General characteristics
- Class & type: Mariscal Sucre-class frigate
- Displacement: 2.506 t (2.466 long tons) full load
- Length: 113.2 m (371 ft) LOA
- Beam: 11.3 m (37 ft)
- Draft: 3.7 m (12 ft)
- Propulsion: - CODOG scheme; - 2 x shaft; - 2 x GE / Fiat LM2500 gas turbines 50,000 shp (37,000 kW); - 2 x diesel engines Grandi Motori Trieste GMT A230-20 diesel engines 7,800 shp (5.8 MW); - 4 x diesel engine generators Grandi Motori Trieste GMT 236SS, 3,000 kW (4,000 shp);
- Speed: 35 kn (65 km/h) with gas turbines; 21 kn (39 km/h) with diesels;
- Range: 4,300 nmi (8,000 km) at 16 kn (30 km/h)
- Complement: 185 (20 officers)
- Sensors & processing systems: - Selenia SADOC 2 combat management system; - 1 x Selenia SPS-774 (RAN-10S) early warning radar; - 1 x Selenia SPQ-2F CORA OTH surface search radar; - 1 x Selenia SPS-702 (or RAN-11L/X) air/surface search radar; - 1 x Selenia SPG-70 (RTN-10X) fire control radar; - 1 x Raytheon Mk 95 fire control radar; - 2 x Selenia SPG-74 (RTN-20X) fire control radar; - 1 x GEM Elettronica AN/SPN-748 navigation radar; - Raytheon DE 1160B (SQS-56) hull sonar;
- Electronic warfare & decoys: - SLR-4 ESM system; - SLQ-D ECM system; - AN/SLQ-25 Nixie torpedo decoy; - 2 x Breda SCLAR decoy launchers;
- Armament: - 8 x Otomat Mk 2 SSMs; - 1 x Mk.29 octuple launcher for Sea Sparrow/Aspide SAM; - 2 x Mark 32 triple torpedo tubes; - 1 x OTO Melara 127/54 mm gun; - 2 x OTO Melara Twin 40L70 DARDO compact gun;
- Aircraft carried: 1 AB-212ASW helicopter
- Aviation facilities: Flight deck: 25.2 m × 11.3 m (83 ft × 37 ft); Telescopic hangar for 1 medium helicopter.;

= ARV Mariscal Sucre =

Mariscal Sucre-class frigate

ARV Mariscal Sucre (F-21) is the lead ship of the Mariscal Sucre-class frigate of the Venezuelan Navy.
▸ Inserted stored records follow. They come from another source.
lemma subset_expect_Un_mult:
  assumes "finite E1" "finite E2" "E1 \<inter> E2 = {}"
    and "\<And>S. S \<subseteq> E1 \<union> E2 \<Longrightarrow> f S = g (S \<inter> E1) * h (S \<inter> E2)"
  shows "subset_expect p (E1 \<union> E2) f = subset_expect p E1 g * subset_expect p E2 h"
proof -
  have "subset_expect p (E1 \<union> E2) f =
      (\<Sum>S1\<in>Pow E1. \<Sum>S2\<in>Pow E2. smult (subset_prob p (E1 \<union> E2) (S1 \<union> S2)) (f (S1 \<union> S2)))"
    unfolding subset_expect_def using assms(1-3) by (rule sum_Pow_Un)
  also have "\<dots> = (\<Sum>S1\<in>Pow E1. \<Sum>S2\<in>Pow E2.
      smult (subset_prob p E1 S1) (g S1) * smult (subset_prob p E2 S2) (h S2))"
  proof (intro sum.cong refl)
    fix S1 S2 assume S: "S1 \<in> Pow E1" "S2 \<in> Pow E2"
    then have "(S1 \<union> S2) \<inter> E1 = S1" "(S1 \<union> S2) \<inter> E2 = S2"
      using assms(3) by auto
    then have "f (S1 \<union> S2) = g S1 * h S2"
      using S assms(4)[of "S1 \<union> S2"] by auto
    then show "smult (subset_prob p (E1 \<union> E2) (S1 \<union> S2)) (f (S1 \<union> S2)) =
        smult (subset_prob p E1 S1) (g S1) * smult (subset_prob p E2 S2) (h S2)"
      using S assms(1-3) by (simp add: subset_prob_Un mult.commute)
  qed
  also have "\<dots> = subset_expect p E1 g * subset_expect p E2 h"
    by (simp add: subset_expect_def sum_product)
  finally show ?thesis .
qed

lemma subset_expect_const:
  assumes "finite E"
  shows "subset_expect p E (\<lambda>_. c) = c"
  using assms
proof (induction E rule: finite_induct)
  case empty
  show ?case by (simp add: subset_expect_def subset_prob_def)
next
  case (insert x E)
  have "Pow {x} = {{}, {x}}" by blast
  then have "subset_expect p {x} (\<lambda>_. 1) = 1"
    by (simp add: subset_expect_def subset_prob_def flip: smult_add_left)
  moreover have "subset_expect p ({x} \<union> E) (\<lambda>_. c) = subset_expect p {x} (\<lambda>_. 1) * subset_expect p E (\<lambda>_. c)"
    using insert by (intro subset_expect_Un_mult) auto
  ultimately show ?case
    using insert.IH by simp
qed
(* Let $(X,\tau)$ be a $\mathbb{B}$-topological space. (i) If $(X,\tau)$ is $T_1$, then the topological space $(X,\tau[tt]\vee\tau[ff])$ is $T_1$. (ii) If both topological spaces $(X,\tau[tt])$ and $(X,\tau[ff])$ are $T_1$, then $(X,\tau)$ is $T_1$.
   Context: $\mathbb{B}=\{0,1,tt,ff\}$ is the four-element Boolean algebra with bottom $0$, top $1$, and $tt,ff$ incomparable complements; $a\to b=\neg a\vee b$. A $\mathbb{B}$-topology on $X$ is $\tau\subseteq\mathbb{B}^X$ containing all constant maps and closed under arbitrary pointwise joins and finite pointwise meets; $\tau[b]=\{\lambda[b]:\lambda\in\tau\}$ with $\lambda[b]=\{x:\lambda(x)\ge b\}$; $\tau[tt]\vee\tau[ff]$ is the topology generated by $\tau[tt]\cup\tau[ff]$. Specialization $\mathbb{B}$-order: $\Omega(\tau)(x,y)=\bigwedge_{\lambda\in\tau}(\lambda(x)\to\lambda(y))$. $(X,\tau)$ is $R_0$ if $\Omega(\tau)$ is symmetric, $T_0$ if $\Omega(\tau)(x,y)=1=\Omega(\tau)(y,x)$ implies $x=y$, and $T_1$ if it is both $T_0$ and $R_0$. *)

theory Defs
  imports "HOL-Analysis.Analysis" "HOL-Library.Product_Order"
begin

text \<open>The four-element Boolean algebra B = {0,1,tt,ff}, realised as bool \<times> bool
  with the componentwise order: 0 = bot, 1 = top, tt and ff incomparable complements.\<close>
type_synonym B4 = "bool \<times> bool"

definition tt :: B4 where "tt = (True, False)"
definition ff :: B4 where "ff = (False, True)"

definition bimp :: "B4 \<Rightarrow> B4 \<Rightarrow> B4" where "bimp a b = sup (- a) b"

definition is_Btopology :: "('a \<Rightarrow> B4) set \<Rightarrow> bool" where
  "is_Btopology \<tau> \<longleftrightarrow>
     (\<forall>c. (\<lambda>x. c) \<in> \<tau>) \<and>
     (\<forall>S. S \<subseteq> \<tau> \<longrightarrow> Sup S \<in> \<tau>) \<and>
     (\<forall>l\<in>\<tau>. \<forall>m\<in>\<tau>. inf l m \<in> \<tau>)"

definition Bcut :: "('a \<Rightarrow> B4) \<Rightarrow> B4 \<Rightarrow> 'a set" where
  "Bcut l b = {x. b \<le> l x}"

definition cut_top :: "('a \<Rightarrow> B4) set \<Rightarrow> B4 \<Rightarrow> 'a topology" where
  "cut_top \<tau> b = topology_generated_by {Bcut l b | l. l \<in> \<tau>}"

definition join_top :: "('a \<Rightarrow> B4) set \<Rightarrow> 'a topology" where
  "join_top \<tau> = topology_generated_by ({Bcut l tt | l. l \<in> \<tau>} \<union> {Bcut l ff | l. l \<in> \<tau>})"

definition spec_order :: "('a \<Rightarrow> B4) set \<Rightarrow> 'a \<Rightarrow> 'a \<Rightarrow> B4" where
  "spec_order \<tau> x y = (INF l\<in>\<tau>. bimp (l x) (l y))"

definition B_R0 :: "('a \<Rightarrow> B4) set \<Rightarrow> bool" where
  "B_R0 \<tau> \<longleftrightarrow> (\<forall>x y. spec_order \<tau> x y = spec_order \<tau> y x)"

definition B_T0 :: "('a \<Rightarrow> B4) set \<Rightarrow> bool" where
  "B_T0 \<tau> \<longleftrightarrow> (\<forall>x y. spec_order \<tau> x y = top \<and> spec_order \<tau> y x = top \<longrightarrow> x = y)"

definition B_T1 :: "('a \<Rightarrow> B4) set \<Rightarrow> bool" where
  "B_T1 \<tau> \<longleftrightarrow> B_T0 \<tau> \<and> B_R0 \<tau>"

end

theory Submission
  imports Defs
begin

text \<open>Writing elements of B as pairs, the two coordinates of the specialization B-order
  \<open>\<Omega>(\<tau>)(x,y)\<close> are the specialization preorders of the ordinary topologies \<open>\<tau>[tt]\<close> and
  \<open>\<tau>[ff]\<close>. Hence \<open>\<tau>[tt] \<or> \<tau>[ff]\<close> is T1 iff \<open>\<Omega>(\<tau>)(x,y) \<noteq> 1\<close> for all \<open>x \<noteq> y\<close>, which
  follows from B-T1 by symmetry and T0. Conversely, if \<open>\<tau>[tt]\<close> and \<open>\<tau>[ff]\<close> are both T1,
  then \<open>\<Omega>(\<tau>)(x,y) = 0\<close> whenever \<open>x \<noteq> y\<close>, so \<open>\<Omega>(\<tau>)\<close> is symmetric and T0 holds.\<close>

lemma generate_topology_on_separates:
  assumes "generate_topology_on S U" "x \<in> U" "y \<notin> U"
  shows "\<exists>V\<in>S. x \<in> V \<and> y \<notin> V"
  using assms by (induction rule: generate_topology_on.induct) blast+

lemma t1_space_topology_generated_by_iff:
  "t1_space (topology_generated_by S) \<longleftrightarrow>
   (\<forall>x\<in>\<Union>S. \<forall>y\<in>\<Union>S. x \<noteq> y \<longrightarrow> (\<exists>V\<in>S. x \<in> V \<and> y \<notin> V))"
  unfolding t1_space_def topology_generated_by_topspace
  by (meson generate_topology_on_separates openin_topology_generated_by_iff
      topology_generated_by_Basis)

lemma Union_Bcut_eq_UNIV:
  assumes "is_Btopology \<tau>"
  shows "\<Union>{Bcut l b | l. l \<in> \<tau>} = UNIV"
proof -
  have "(\<lambda>x. top) \<in> \<tau>" using assms unfolding is_Btopology_def by blast
  moreover have "Bcut (\<lambda>x. top) b = UNIV" by (simp add: Bcut_def)
  ultimately show ?thesis by auto
qed

lemma bex_Bcut_separating_iff:
  "(\<exists>V\<in>{Bcut l b | l. l \<in> \<tau>}. x \<in> V \<and> y \<notin> V) \<longleftrightarrow> (\<exists>l\<in>\<tau>. b \<le> l x \<and> \<not> b \<le> l y)"
  by (auto simp: Bcut_def)

lemma fst_spec_order: "fst (spec_order \<tau> x y) \<longleftrightarrow> (\<forall>l\<in>\<tau>. tt \<le> l x \<longrightarrow> tt \<le> l y)"
  unfolding spec_order_def bimp_def
  by (auto simp: fst_Inf image_image uminus_prod_def sup_prod_def tt_def less_eq_prod_def)

lemma snd_spec_order: "snd (spec_order \<tau> x y) \<longleftrightarrow> (\<forall>l\<in>\<tau>. ff \<le> l x \<longrightarrow> ff \<le> l y)"
  unfolding spec_order_def bimp_def
  by (auto simp: snd_Inf image_image uminus_prod_def sup_prod_def ff_def less_eq_prod_def)

lemma t1_space_cut_top_tt_iff:
  assumes "is_Btopology \<tau>"
  shows "t1_space (cut_top \<tau> tt) \<longleftrightarrow> (\<forall>x y. x \<noteq> y \<longrightarrow> \<not> fst (spec_order \<tau> x y))"
  unfolding cut_top_def t1_space_topology_generated_by_iff Union_Bcut_eq_UNIV[OF assms]
    bex_Bcut_separating_iff fst_spec_order
  by simp

lemma t1_space_cut_top_ff_iff:
  assumes "is_Btopology \<tau>"
  shows "t1_space (cut_top \<tau> ff) \<longleftrightarrow> (\<forall>x y. x \<noteq> y \<longrightarrow> \<not> snd (spec_order \<tau> x y))"
  unfolding cut_top_def t1_space_topology_generated_by_iff Union_Bcut_eq_UNIV[OF assms]
    bex_Bcut_separating_iff snd_spec_order
  by simp

lemma t1_space_join_top_iff:
  assumes "is_Btopology \<tau>"
  shows "t1_space (join_top \<tau>) \<longleftrightarrow> (\<forall>x y. x \<noteq> y \<longrightarrow> spec_order \<tau> x y \<noteq> top)"
proof -
  have "\<Union>({Bcut l tt | l. l \<in> \<tau>} \<union> {Bcut l ff | l. l \<in> \<tau>}) = UNIV"
    using Union_Bcut_eq_UNIV[OF assms] by simp
  moreover have "spec_order \<tau> x y \<noteq> top \<longleftrightarrow>
      \<not> fst (spec_order \<tau> x y) \<or> \<not> snd (spec_order \<tau> x y)" for x y
    by (simp add: prod_eq_iff top_prod_def)
  ultimately show ?thesis
    unfolding join_top_def t1_space_topology_generated_by_iff bex_Un
      bex_Bcut_separating_iff fst_spec_order snd_spec_order
    by simp
qed

lemma B_T1_imp_spec_order_ne_top:
  assumes "B_T1 \<tau>" "x \<noteq> y"
  shows "spec_order \<tau> x y \<noteq> top"
  using assms unfolding B_T1_def B_T0_def B_R0_def by metis

lemma B_T1_if_spec_order_eq_bot:
  assumes "\<And>x y. x \<noteq> y \<Longrightarrow> spec_order \<tau> x y = bot"
  shows "B_T1 \<tau>"
  unfolding B_T1_def B_T0_def B_R0_def
proof (intro conjI allI impI)
  fix x y
  show "spec_order \<tau> x y = spec_order \<tau> y x"
    by (cases "x = y") (simp_all add: assms)
next
  fix x y
  assume "spec_order \<tau> x y = top \<and> spec_order \<tau> y x = top"
  then show "x = y"
    using assms[of x y] by (auto simp: bot_prod_def top_prod_def)
qed

theorem mainTheorem14:
  fixes \<tau> :: "('a \<Rightarrow> B4) set"
  assumes "is_Btopology \<tau>"
  shows "(B_T1 \<tau> \<longrightarrow> t1_space (join_top \<tau>))
     \<and> (t1_space (cut_top \<tau> tt) \<and> t1_space (cut_top \<tau> ff) \<longrightarrow> B_T1 \<tau>)"
proof (intro conjI impI)
  assume "B_T1 \<tau>"
  then show "t1_space (join_top \<tau>)"
    by (simp add: t1_space_join_top_iff[OF assms] B_T1_imp_spec_order_ne_top)
next
  assume "t1_space (cut_top \<tau> tt) \<and> t1_space (cut_top \<tau> ff)"
  then have "\<not> fst (spec_order \<tau> x y)" "\<not> snd (spec_order \<tau> x y)" if "x \<noteq> y" for x y
    using that t1_space_cut_top_tt_iff[OF assms] t1_space_cut_top_ff_iff[OF assms] by blast+
  then have "spec_order \<tau> x y = bot" if "x \<noteq> y" for x y
    using that by (simp add: prod_eq_iff bot_prod_def)
  then show "B_T1 \<tau>" by (rule B_T1_if_spec_order_eq_bot)
qed

end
== Development and design ==

Venezuela ordered six Lupo-class frigates from CNR in 1975 as a replacement for older warships. These units were commissioned between 1980 and 1982. In general terms, their appearance and equipment is similar to those built for Peru, except for some differences in electronics and missiles. The first two ships, (F-21) and (F-22) were upgraded by Ingalls Shipbuilding over a four years period (1998–2002). The other ships in Venezuelan service were expected to undergo an austere version of this upgrade, but three ships were eventually taken out of service.

==Construction and career==
Mariscal Sucre was laid down on 19 November 1976 and launched on 28 September 1978 by Cantieri Riuniti dell'Adriatico at Riva Trigoso. She was commissioned on 10 May 1980.

Over the years she has participated in multiple important naval exercises and has been the flagship of the multinational UNITAS exercise.

In 1987, together with other units of the Venezuelan navy, she participated in the confrontation with Colombia which almost resulted in an armed conflict, known in Colombia as the ARC Caldas corvette crisis, in which a dispute relating to the territorial waters of the Gulf of Maracaibo naval forces in the area, and a significant deployment of military means at the border of the two countries.

Between 1998 and 2002, together with her sister ARV Almirante Brión, she underwent modernization works at the Ingalls Shipbuilding plants in Pascagoula in Mississippi. The changes involved the total overhaul of the hull, the replacement of the diesel propulsion engines, the modernization of the gas turbines, the replacement of the powertrain control system, the replacement of the generators, a new navigation radar, new sonar. to hull, new electronic systems that have modernized the command and control system, significantly improving the level of automation and allowing the crew to be reduced from 185 to 131 men. The unit was equipped with MTU 20V 1163 diesel engines, the new Elta EL / M-2238 Star 3D surveillance and air search radar, the ESM / ECM Elisra NS 9003/9005 system and of the Elbit ENTCS 2000 system for shooting control. The SCLAR launchers have been replaced by 130mm Mk 137 launchers, as well as the sonar which in the new configuration is the Northrop Grumman SQS-53C hull mounted. The ships are equipped with the Sperry marine MK 39 navigation system and the SHINCOM 2100 integrated communication system from DRS Technologies.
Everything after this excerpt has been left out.